> [WHAT TO PRODUCE]
Identify all lines of the data containing the string "operatorname" and copy them.
---------- RECORDS PROVIDED
(* Let $\Lambda$ be a ring, let $\operatorname{mod}\Lambda$ be the category of finite length right $\Lambda$-modules, and let $T,M\in\operatorname{mod}\Lambda$. If $\varepsilon\colon 0\to T'\to E\to M\to0$ and $\eta\colon 0\to T''\to F\to M\to0$ are universal $\operatorname{add}(T)$-extensions of $M$, then $E\cong F$ modulo $\operatorname{add}(T)$, i.e. $E$ and $F$ are isomorphic as objects of the quotient category $\operatorname{mod}\Lambda/\operatorname{add}(T)$.
   Context: $\operatorname{add}(T)$ is the full subcategory of direct sums of direct summands of $T$. An element $\varepsilon\in\operatorname{Ext}^1(M,T')$ with $T'\in\operatorname{add}(T)$ is a universal $\operatorname{add}(T)$-extension of $M$ if the map $\operatorname{Hom}(T',T)\to\operatorname{Ext}^1(M,T)$, $\phi\mapsto\phi\varepsilon$ (push-out along $\phi$), is surjective. The quotient category $\operatorname{mod}\Lambda/\operatorname{add}(T)$ has the same objects as $\operatorname{mod}\Lambda$ and morphisms modulo those factoring through an object of $\operatorname{add}(T)$. *)

theory Defs
  imports "HOL-Algebra.Ring"
begin

record ('a, 'r) rmod =
  mcar  :: "'a set"
  madd  :: "'a \<Rightarrow> 'a \<Rightarrow> 'a"
  mzero :: 'a
  mneg  :: "'a \<Rightarrow> 'a"
  mact  :: "'a \<Rightarrow> 'r \<Rightarrow> 'a"

definition rmodule :: "'r ring \<Rightarrow> ('a, 'r) rmod \<Rightarrow> bool" where
  "rmodule R M \<longleftrightarrow> ring R \<and>
     mzero M \<in> mcar M \<and>
     (\<forall>x\<in>mcar M. \<forall>y\<in>mcar M. madd M x y \<in> mcar M) \<and>
     (\<forall>x\<in>mcar M. mneg M x \<in> mcar M) \<and>
     (\<forall>x\<in>mcar M. \<forall>y\<in>mcar M. \<forall>z\<in>mcar M. madd M (madd M x y) z = madd M x (madd M y z)) \<and>
     (\<forall>x\<in>mcar M. \<forall>y\<in>mcar M. madd M x y = madd M y x) \<and>
     (\<forall>x\<in>mcar M. madd M x (mzero M) = x) \<and>
     (\<forall>x\<in>mcar M. madd M x (mneg M x) = mzero M) \<and>
     (\<forall>x\<in>mcar M. \<forall>r\<in>carrier R. mact M x r \<in> mcar M) \<and>
     (\<forall>x\<in>mcar M. \<forall>y\<in>mcar M. \<forall>r\<in>carrier R.
        mact M (madd M x y) r = madd M (mact M x r) (mact M y r)) \<and>
     (\<forall>x\<in>mcar M. \<forall>r\<in>carrier R. \<forall>s\<in>carrier R.
        mact M x (r \<oplus>\<^bsub>R\<^esub> s) = madd M (mact M x r) (mact M x s)) \<and>
     (\<forall>x\<in>mcar M. \<forall>r\<in>carrier R. \<forall>s\<in>carrier R.
        mact M x (r \<otimes>\<^bsub>R\<^esub> s) = mact M (mact M x r) s) \<and>
     (\<forall>x\<in>mcar M. mact M x \<one>\<^bsub>R\<^esub> = x)"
--------------------
> [RESULT FOR THIS TASK]
(* Let $\Lambda$ be a ring, let $\operatorname{mod}\Lambda$ be the category of finite length right $\Lambda$-modules, and let $T,M\in\operatorname{mod}\Lambda$. If $\varepsilon\colon 0\to T'\to E\to M\to0$ and $\eta\colon 0\to T''\to F\to M\to0$ are universal $\operatorname{add}(T)$-extensions of $M$, then $E\cong F$ modulo $\operatorname{add}(T)$, i.e. $E$ and $F$ are isomorphic as objects of the quotient category $\operatorname{mod}\Lambda/\operatorname{add}(T)$.
   Context: $\operatorname{add}(T)$ is the full subcategory of direct sums of direct summands of $T$. An element $\varepsilon\in\operatorname{Ext}^1(M,T')$ with $T'\in\operatorname{add}(T)$ is a universal $\operatorname{add}(T)$-extension of $M$ if the map $\operatorname{Hom}(T',T)\to\operatorname{Ext}^1(M,T)$, $\phi\mapsto\phi\varepsilon$ (push-out along $\phi$), is surjective. The quotient category $\operatorname{mod}\Lambda/\operatorname{add}(T)$ has the same objects as $\operatorname{mod}\Lambda$ and morphisms modulo those factoring through an object of $\operatorname{add}(T)$. *)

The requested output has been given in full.